Two 250w Visi-Therm Stealth Heaters
150 lbs Sugar Grain Live Sand


----------



## Guest (Jun 27, 2007)

I also plan on building a canopy to cover the lighting and match the stand.

I have drawn the basic idea of it up and will scan it soon. It opens from the front and vents from an open back. Two computer fans will also be put in for additional heat-ventilation.


----------



## SBDTHUR (Jun 15, 2007)

Nice idea.. Don't forget to take pictures as you set it up. ;-)


----------



## Guest (Jun 27, 2007)

I've also decided that since my lighting should be adequete enough, I'm going to try and incorporate a variety of different kinds and colors of mushroom corals as well. I was thinking about doing different types of soft corals, but I have decided that it would make a nice display to have a variety of shrooms. 
Also works out since they are fairly inexpensive and my one favorite corals (not to mention easy to keep).


----------



## Guest (Jun 28, 2007)

Here's a basic list of some mushroom corals I'd like to incorporate in the tank:

Green Striped Mushroom
Blue/Green Ricordia Mushroom
Red Mushroom
Bullseye Mushroom
Green Flourescent Mushroom
Any feedback on my choices or other kinds I should include are welcome.


----------



## Guest (Jun 28, 2007)

I've been running canisters on my 46 and 55 for quite some time with no problems...

but thanks for the helpful feedback....


----------



## SBDTHUR (Jun 15, 2007)

I thought most people ran canisters on there sw tanks.


----------



## Bear (Jun 8, 2006)

I would def. go without the canister.

Aside from that I would add some more light and add some zoos to that list


----------



## flamingo (Nov 5, 2005)

If your going with larger, predatory sw fish, i'd recommend canisters. But, they need to be cleaned regularily of course. I have one on my 30 gallon seahorse tank. Eats exclusively frozen and live foods, eats 4 times a day, all levels are at zero . I'm pretty happy with it.


----------



## Guest (Jun 28, 2007)

I've been successful in numerous tanks over quite a few years and my mother has over 20 years experience as well.

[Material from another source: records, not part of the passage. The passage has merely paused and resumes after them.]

(* Let $p$ be an odd prime, $\zeta$ a primitive $p$-th root of unity, $K=\mathbf{Q}_p(\zeta)$, $K^+=\mathbf{Q}_p(\zeta+\zeta^{-1})$, $\mathfrak{o}=\mathbf{Z}_p[\zeta]$, $\pi=1-\zeta$, and regard $\mathbf{Z}[\zeta]\subset\mathfrak{o}$ via $\zeta\mapsto\zeta$. Let $u\in\mathbf{Z}[\zeta]^\times$ be a global unit such that $u\equiv a\pmod{\pi^2}$ and $N_{K|K^+}(u)\equiv b\pmod{p}$ for some $a,b\in\mathbf{Z}_p^\times$. Then $u\in\mathfrak{o}^{\times p}$. *)

theory Defs
  imports "HOL-Computational_Algebra.Polynomial" "HOL-Number_Theory.Cong"
begin

text \<open>Z[zeta] is modelled as Z[X]/(Phi_p), Phi_p = 1 + X + ... + X^(p-1) the p-th
cyclotomic polynomial (p prime); an element is represented by an integer polynomial.\<close>

definition cyclo :: "nat \<Rightarrow> int poly" where
  "cyclo p = (\<Sum>i<p. monom 1 i)"

text \<open>Congruence in Z[zeta] modulo the ideal generated by the integer m,
i.e. equality in Z[X]/(Phi_p, m).  For m = 0 this is equality in Z[zeta].\<close>
definition zcong :: "nat \<Rightarrow> int \<Rightarrow> int poly \<Rightarrow> int poly \<Rightarrow> bool" where
  "zcong p m f g \<longleftrightarrow> (\<exists>q r. f - g = q * cyclo p + smult m r)"

definition zeq :: "nat \<Rightarrow> int poly \<Rightarrow> int poly \<Rightarrow> bool" where
  "zeq p f g \<longleftrightarrow> zcong p 0 f g"

definition zunit :: "nat \<Rightarrow> int poly \<Rightarrow> bool" where
  "zunit p u \<longleftrightarrow> (\<exists>v. zeq p (u * v) 1)"

definition piz :: "int poly" where
  "piz = [:1, -1:]"

text \<open>Complex conjugation zeta |-> zeta^(-1) = zeta^(p-1), and the norm N_{K|K+}.\<close>
definition conjz :: "nat \<Rightarrow> int poly \<Rightarrow> int poly" where
  "conjz p u = pcompose u (monom 1 (p - 1))"

definition normz :: "nat \<Rightarrow> int poly \<Rightarrow> int poly" where
  "normz p u = u * conjz p u"

text \<open>Z_p as the inverse limit of Z/p^n: compatible sequences, a n read mod p^n.\<close>
definition Zp_elem :: "nat \<Rightarrow> (nat \<Rightarrow> int) \<Rightarrow> bool" where
  "Zp_elem p a \<longleftrightarrow> (\<forall>n. [a (Suc n) = a n] (mod (int p ^ n)))"

definition Zp_unit :: "nat \<Rightarrow> (nat \<Rightarrow> int) \<Rightarrow> bool" where
  "Zp_unit p a \<longleftrightarrow> Zp_elem p a \<and> (\<exists>b. Zp_elem p b \<and> (\<forall>n. [a n * b n = 1] (mod (int p ^ n))))"

text \<open>o = Z_p[zeta] as the inverse limit of Z[zeta]/p^n: compatible sequences,
x n read in Z[zeta]/(p^n).  Ring operations are componentwise; Z[zeta] embeds
via constant sequences, Z_p via constant polynomials.\<close>
definition o_elem :: "nat \<Rightarrow> (nat \<Rightarrow> int poly) \<Rightarrow> bool" where
  "o_elem p x \<longleftrightarrow> (\<forall>n. zcong p (int p ^ n) (x (Suc n)) (x n))"

definition o_eq :: "nat \<Rightarrow> (nat \<Rightarrow> int poly) \<Rightarrow> (nat \<Rightarrow> int poly) \<Rightarrow> bool" where
  "o_eq p x y \<longleftrightarrow> (\<forall>n. zcong p (int p ^ n) (x n) (y n))"

definition o_unit :: "nat \<Rightarrow> (nat \<Rightarrow> int poly) \<Rightarrow> bool" where
  "o_unit p x \<longleftrightarrow> o_elem p x \<and> (\<exists>z. o_elem p z \<and> o_eq p (\<lambda>n. x n * z n) (\<lambda>n. 1))"

definition o_cong :: "nat \<Rightarrow> int poly \<Rightarrow> (nat \<Rightarrow> int poly) \<Rightarrow> (nat \<Rightarrow> int poly) \<Rightarrow> bool" where
  "o_cong p d x y \<longleftrightarrow> (\<exists>z. o_elem p z \<and> o_eq p (\<lambda>n. x n - y n) (\<lambda>n. d * z n))"

definition o_pth_power_unit :: "nat \<Rightarrow> (nat \<Rightarrow> int poly) \<Rightarrow> bool" where
  "o_pth_power_unit p x \<longleftrightarrow> (\<exists>y. o_unit p y \<and> o_eq p (\<lambda>n. y n ^ p) x)"

end

theory Submission
  imports Defs
begin

text \<open>
  Two elements are equal iff they agree under the
  p - 1 complex embeddings X \<mapsto> zeta^k (0 < k < p); this makes archimedean arguments
  available.  The proof follows the classical route:
  (1) Kummer's lemma: w = u / conj(u) has all conjugates of absolute value 1, so it is a
      root of unity (only finitely many integral elements have this property).  Since
      w = 1 (mod pi^2) and taking powers never makes the pi-adic valuation of w - 1
      infinite, w = 1: u is real.
  (2) u real and u^2 = N_{K|K+}(u) = b (mod p) force u = e (mod pi^(p+1)) for an
      integer e prime to p.
  (3) The absolute norm of u is +1 or -1 and is = e^(p-1) (mod pi^(p+1)), hence (mod p^2);
      with Fermat's little theorem e^(p-1) = 1 (mod p^2), so e^p = u (mod pi^(p+1)).
  (4) Hensel: a solution of y^p = u (mod pi^k) with k \<ge> p + 1 lifts to a solution
      modulo pi^(k+1).  The coherent sequence of solutions is a unit of o with p-th power u.
\<close>

definition evalc :: "complex \<Rightarrow> int poly \<Rightarrow> complex" where
  "evalc z f = poly (map_poly of_int f) z"

lemma evalc_0[simp]: "evalc z 0 = 0" by (simp add: evalc_def)

lemma evalc_pCons[simp]: "evalc z (pCons a f) = of_int a + z * evalc z f"
  by (simp add: evalc_def map_poly_pCons)

lemma evalc_const[simp]: "evalc z [:a:] = of_int a"
  by simp

lemma evalc_1[simp]: "evalc z 1 = 1"
  by (simp add: one_pCons)

lemma evalc_add[simp]: "evalc z (f + g) = evalc z f + evalc z g"
  by (induction f g rule: poly_induct2) (auto simp: algebra_simps)

lemma evalc_uminus[simp]: "evalc z (- f) = - evalc z f"
  by (induction f) (auto simp: algebra_simps)

lemma evalc_diff[simp]: "evalc z (f - g) = evalc z f - evalc z g"
  using evalc_add[of z f "-g"] by simp

lemma evalc_smult[simp]: "evalc z (smult a f) = of_int a * evalc z f"
  by (induction f) (auto simp: algebra_simps)

lemma evalc_mult[simp]: "evalc z (f * g) = evalc z f * evalc z g"
  by (induction f) (auto simp: algebra_simps mult_pCons_left)

lemma evalc_power[simp]: "evalc z (f ^ n) = evalc z f ^ n"
  by (induction n) auto

lemma evalc_sum: "evalc z (sum f A) = (\<Sum>i\<in>A. evalc z (f i))"
  by (induction A rule: infinite_finite_induct) auto

lemma evalc_prod: "evalc z (prod f A) = (\<Prod>i\<in>A. evalc z (f i))"
  by (induction A rule: infinite_finite_induct) auto

lemma evalc_monom[simp]: "evalc z (monom a n) = of_int a * z ^ n"
  by (simp add: evalc_def map_poly_monom poly_monom)

lemma evalc_of_nat[simp]: "evalc z (of_nat n) = of_nat n"
  by (induction n) auto

lemma evalc_of_int[simp]: "evalc z (of_int n) = of_int n"
  by (simp add: of_int_poly)

lemma evalc_pcompose: "evalc z (pcompose f g) = evalc (evalc z g) f"
  by (induction f) (auto simp: pcompose_pCons)

lemma evalc_cnj: "cnj (evalc z f) = evalc (cnj z) f"
  by (induction f) auto

definition cong_z :: "nat \<Rightarrow> int poly \<Rightarrow> int poly \<Rightarrow> int poly \<Rightarrow> bool" where
  "cong_z p d x y \<longleftrightarrow> (\<exists>c q. x - y = d * c + q * cyclo p)"

lemma cong_z_refl[simp]: "cong_z p d x x" unfolding cong_z_def by (rule exI[of _ 0], rule exI[of _ 0]) simp

lemma cong_z_sym: "cong_z p d x y \<Longrightarrow> cong_z p d y x"
proof -
  assume "cong_z p d x y"
  then obtain c q where "x - y = d * c + q * cyclo p" unfolding cong_z_def by blast
  then have "y - x = d * (-c) + (-q) * cyclo p" by (simp add: algebra_simps)
  then show ?thesis unfolding cong_z_def by blast
qed

lemma cong_z_trans: "cong_z p d x y \<Longrightarrow> cong_z p d y z \<Longrightarrow> cong_z p d x z"
proof -
  assume "cong_z p d x y" "cong_z p d y z"
  then obtain c q c' q' where "x - y = d * c + q * cyclo p" "y - z = d * c' + q' * cyclo p"
    unfolding cong_z_def by blast
  then have "x - z = d * (c + c') + (q + q') * cyclo p" by (simp add: algebra_simps)
  then show ?thesis unfolding cong_z_def by blast
qed

lemma cong_z_add: "cong_z p d x y \<Longrightarrow> cong_z p d x' y' \<Longrightarrow> cong_z p d (x + x') (y + y')"
proof -
  assume "cong_z p d x y" "cong_z p d x' y'"
  then obtain c q c' q' where "x - y = d * c + q * cyclo p" "x' - y' = d * c' + q' * cyclo p"
    unfolding cong_z_def by blast
  then have "(x + x') - (y + y') = d * (c + c') + (q + q') * cyclo p" by (simp add: algebra_simps)
  then show ?thesis unfolding cong_z_def by blast
qed

lemma cong_z_uminus: "cong_z p d x y \<Longrightarrow> cong_z p d (-x) (-y)"
proof -
  assume "cong_z p d x y"
  then obtain c q where "x - y = d * c + q * cyclo p" unfolding cong_z_def by blast
  then have "(-x) - (-y) = d * (-c) + (-q) * cyclo p" by (simp add: algebra_simps)
  then show ?thesis unfolding cong_z_def by blast
qed

lemma cong_z_diff: "cong_z p d x y \<Longrightarrow> cong_z p d x' y' \<Longrightarrow> cong_z p d (x - x') (y - y')"
  using cong_z_add[of p d x y "-x'" "-y'"] cong_z_uminus by simp

lemma cong_z_mult_left: "cong_z p d x y \<Longrightarrow> cong_z p d (z * x) (z * y)"
proof -
  assume "cong_z p d x y"
  then obtain c q where "x - y = d * c + q * cyclo p" unfolding cong_z_def by blast
  then have "z * x - z * y = d * (z * c) + (z * q) * cyclo p"
    by (simp add: algebra_simps flip: right_diff_distrib)
  then show ?thesis unfolding cong_z_def by blast
qed

lemma cong_z_mult: "cong_z p d x y \<Longrightarrow> cong_z p d x' y' \<Longrightarrow> cong_z p d (x * x') (y * y')"
  by (metis cong_z_mult_left cong_z_trans mult.commute)

lemma cong_z_power: "cong_z p d x y \<Longrightarrow> cong_z p d (x ^ n) (y ^ n)"
  by (induction n) (auto intro: cong_z_mult)

lemma cong_z_prod: "(\<And>i. i \<in> A \<Longrightarrow> cong_z p d (f i) (g i)) \<Longrightarrow> cong_z p d (prod f A) (prod g A)"
  by (induction A rule: infinite_finite_induct) (auto intro: cong_z_mult)

lemma cong_z_multiple[simp]: "cong_z p d (d * c) 0"
  unfolding cong_z_def by (rule exI[of _ c], rule exI[of _ 0]) simp

lemma cong_z_cyclo[simp]: "cong_z p d (c * cyclo p) 0"
  unfolding cong_z_def by (rule exI[of _ 0], rule exI[of _ c]) simp

lemma cong_z_iff_0: "cong_z p d x y \<longleftrightarrow> cong_z p d (x - y) 0"
  unfolding cong_z_def by simp

lemma cong_z_mono: "cong_z p (d * e) x y \<Longrightarrow> cong_z p d x y"
  unfolding cong_z_def by (metis mult.assoc)

lemma cong_z_dvd: "d dvd e \<Longrightarrow> cong_z p e x y \<Longrightarrow> cong_z p d x y"
  by (metis dvd_def cong_z_mono)

lemma cong_z_0_imp: "cong_z p 0 x y \<Longrightarrow> cong_z p d x y"
  using cong_z_dvd[of d 0] by simp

I understand that canisters can create more nitrates, but I haven't had problems when they are well maintained.

This was NOT a posting asking for help with my setup and I merely asked about the mushroom corals on my list. This is my "blog" posting about my tank, I'm not asking for advice on how to setup my tank.


Now back to our regular scheduled program....:roll:

I am considering changing my ideas on the shark. I may consider possibly getting a marbled catshark over a coral catshark, but I'm 100% yet. Reason I might change is 1) I've heard some aggression issues with corals during feeding, which I had not heard before and 2) the marbled catshark seems to be easier to get.
We'll just have to see what makes it on my LFS's saltwater list....


----------



## Guest (Jun 29, 2007)

Well I got email confirmation that my skimmer and lights are in the mail, so they should be here in a few days....

As soon as i find homes for the freshwater fish in the tank now, progress can begin, so that is my biggest delaying issue as of right now....


----------



## Guest (Jun 29, 2007)

At least you replied with a good explanation as to why, Mike. 

The reason I am using a canister filter though is to suck up as much leftover food as possible due to the fact that predators tend to be messy eaters and leave a lot left over. I am going to be cleaning them twice a week so I shouldn't have too many problems with nitrates. In the event that I do, I may take them off.


----------



## flamingo (Nov 5, 2005)

All this coming from people who keep the standard "sw collection".

Canisters have their use, IF you maintain them, and IF you need them. If you have simple little fish like clownfish, tangs, etc. then you may not need something like a canister. If you keep something else like a lionfish, grouper, etc. than it's an entirely different story. In my case, it's highly helpful in cleaning the tank, and it's more cost effective. Some of us don't have the money to go for the "best" of everything . And in some cases, the simple rule of what filter to use, etc. doesn't apply. A predator tank is different than , say, a 75 gallon reef filled with mainly inverts... which have a low metabolism, and eat a lot less.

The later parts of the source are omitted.